Thanks for the info. I am targeting these early plants that I see popping up currently. My understanding is if you kill them early it is way more effective than in June/July when they've grown tubers and shoots.

I read somewhere on here that sulfentrazone only burns down top growth quickly and does not really target the nuts and shoots in the soil, which are the main problem. Hence my curiousity of mixing imazaquin and sulfentrazone for a double punch if you will. I also already have both of the products already.


----------



## Live Oak (Sep 18, 2020)

UltimateLawn said:


> @Jeremy3292 , I have applied Sulfentrazone (Dismiss) and Sulfosulfuron (Certainty) with great success. Dismiss at the root level for a quick hit and Certainty on the foilage to finish the job. Minimal impact to neighboring plants and the hit kills the nutsedge as fast as two weeks. I'm pretty certain they are not coming back.
> 
> Unfortunately because it is both a root level and foilage app, even if it could be mixed, it would reduce efficacy.
> 
> ...


Image is fine to use on St. Augustine provided that the temperature at application is <85F. I just used some a couple weeks ago and it worked really well on dollarweed and sedge. I usually reserve Image (or any 2-4D product) for winter/spring use and use Celsius in the summer as it does not have temperature restrictions.

Interestingly I have found that Dismiss works very well (and quickly) on sedge/kyllinga, but my SA grass does not tolerate it well, even at mild temperatures. I think I will give Certainty or Sedgehammer a try.


----------



## Greendoc (Mar 24, 2018)

Jeremy3292 said:


> Has anyone ever tried mixing imazaquin and sulfentrazone in order to combat nutsedge? Sulfentrazone is great for burning down the top growth quickly whereas the imazaquin moves through the soil and roots in order to kill the nuts and shoots. Image sells both products, one with imazaquin and one with sulfentrazone/quinclorac, and I already have both in my garage. Would this work?

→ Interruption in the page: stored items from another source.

definition vertex_label :: "nat \<Rightarrow> nat \<Rightarrow> nat set \<Rightarrow> part_label" where
  "vertex_label k m S = stage_label k m (Min S) (Max S)"

definition stage_partition :: "nat \<Rightarrow> nat \<Rightarrow> nat \<Rightarrow> nat set set set" where
  "stage_partition n k m = label_classes (vertex_label k m) (johnson2_vertices n)"

lemma vertex_label_pair: "a < b \<Longrightarrow> vertex_label k m {a, b} = stage_label k m a b"
  unfolding vertex_label_def by simp

lemma card_red_candidates_le:
  assumes "1 \<le> k" "k < m" "3 \<le> n" "1 \<le> a" "a < b" "b \<le> n"
  shows "card (red_candidates n k m (stage_label k m a b)) \<le> 2 * (n - 3)"
proof (cases "stage_label k m a b")
  case Core
  have "card (Star ` {4..n}) \<le> n - 3"
    using card_image_le[of "{4..n}" Star] by simp
  then show ?thesis
    using Core by simp
next
  case (Star x)
  then have "x = b" "\<not> (b \<le> k \<or> b = 2)"
    by (auto simp: stage_label_eq_Star_iff)
  let ?core = "if 2 \<le> k \<and> 4 \<le> x then {Core} else {}"
  let ?stars = "Star ` ({max (k + 1) 3..n} - {x})"
  let ?singles = "if k + 2 \<le> x \<and> x \<le> m then Single (k + 1) ` {m + 1..n} else {}"
  have "card ?core \<le> (if 2 \<le> k \<and> 4 \<le> x then 1 else 0)"
    by simp
  moreover have "card ?stars \<le> n - max (k + 1) 3"
  proof -
    have "card ?stars \<le> card ({max (k + 1) 3..n} - {x})"
      by (rule card_image_le) simp
    also have "\<dots> = n - max (k + 1) 3"
      using \<open>x = b\<close> \<open>\<not> (b \<le> k \<or> b = 2)\<close> assms by (subst card_Diff_singleton) auto
    finally show ?thesis .
  qed
  moreover have "card ?singles \<le> (if k + 2 \<le> x \<and> x \<le> m then n - m else 0)"
    using card_image_le[of "{m + 1..n}" "Single (k + 1)"] by simp
  moreover have "card (?core \<union> ?stars \<union> ?singles) \<le> card ?core + card ?stars + card ?singles"
    by (meson add_mono card_Un_le le_trans order_refl)
  ultimately show ?thesis
    using Star \<open>x = b\<close> \<open>\<not> (b \<le> k \<or> b = 2)\<close> assms by (auto split: if_splits)
next
  case (Single c d)
  have "card (Star ` {k + 2..m}) \<le> m - k - 1"
    using card_image_le[of "{k + 2..m}" Star] by simp
  then show ?thesis
    using Single assms by auto
qed
section \<open>Sets of positive reach\<close>

lemma infdist_segment_le:
  fixes u v :: "'a::real_normed_vector"
  assumes "u \<in> M" "v \<in> M" "s \<in> {0..1}"
  shows "infdist (u + s *\<^sub>R (v - u)) M \<le> norm (v - u) / 2"
proof (cases "s \<le> 1/2")
  case True
  have "infdist (u + s *\<^sub>R (v - u)) M \<le> dist (u + s *\<^sub>R (v - u)) u" by (rule infdist_le[OF assms(1)])
  also have "\<dots> = s * norm (v - u)" using assms(3) by (simp add: dist_norm)
  also have "\<dots> \<le> norm (v - u) / 2" using True mult_right_mono[of s "1/2" "norm (v - u)"] by simp
  finally show ?thesis .
next
  case False
  have "infdist (u + s *\<^sub>R (v - u)) M \<le> dist (u + s *\<^sub>R (v - u)) v" by (rule infdist_le[OF assms(2)])
  also have "u + s *\<^sub>R (v - u) - v = (1 - s) *\<^sub>R (u - v)" by (simp add: algebra_simps)
  then have "dist (u + s *\<^sub>R (v - u)) v = (1 - s) * norm (v - u)"
    using assms(3) by (simp add: dist_norm norm_minus_commute)
  also have "\<dots> \<le> norm (v - u) / 2" using False mult_right_mono[of "1 - s" "1/2" "norm (v - u)"] by simp
  finally show ?thesis .
qed

lemma apollonius:
  fixes u v z :: "'a::real_inner"
  shows "(norm (u - z))^2 + (norm (v - z))^2 = 2 * (norm (midpoint u v - z))^2 + (norm (v - u))^2 / 2"
proof -
  define a where "a = midpoint u v - z"
  define e where "e = (1/2) *\<^sub>R (u - v)"
  have "u - z = a + e" "v - z = a - e"
    by (simp_all add: a_def e_def midpoint_def algebra_simps flip: scaleR_add_left)
  then have "(norm (u - z))^2 + (norm (v - z))^2 = (norm (a + e))^2 + (norm (a - e))^2"
    by (simp only:)
  also have "\<dots> = 2 * (norm a)^2 + 2 * (norm e)^2"
    by (simp only: power2_norm_eq_inner)
      (simp add: inner_add_left inner_add_right inner_diff_left inner_diff_right inner_commute)
  also have "(norm e)^2 = (norm (v - u))^2 / 4"
    by (simp add: e_def power_divide norm_minus_commute)
  finally show ?thesis by (simp add: a_def)
qed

Sure have. That is my preferred application on lawns infested with Purple Nutsedge. Avoided on Zeon Zoysia because of the Sulfentrazone. But on other warm season lawns, Dismiss+Scepter DG is a good application for me.


----------



## Jeremy3292 (Apr 30, 2020)

Greendoc said:


> Jeremy3292 said:
> 
> 
> > Has anyone ever tried mixing imazaquin and sulfentrazone in order to combat nutsedge? Sulfentrazone is great for burning down the top growth quickly whereas the imazaquin moves through the soil and roots in order to kill the nuts and shoots. Image sells both products, one with imazaquin and one with sulfentrazone/quinclorac, and I already have both in my garage. Would this work?
> ...


Thanks! Just mix both together at the bottle rates I presume. Am I correct that sulfentrazone does not kill the nuts and shoots? And that is what the imazaquin is for?

Sulfentrazone = burns down top growth quickly
Imazaquin = kills below the surface, nuts and shoots


----------



## SCGrassMan (Dec 17, 2017)

Greendoc said:


> Sure have. That is my preferred application on lawns infested with Purple Nutsedge. Avoided on Zeon Zoysia because of the Sulfentrazone. But on other warm season lawns, Dismiss+Scepter DG is a good application for me.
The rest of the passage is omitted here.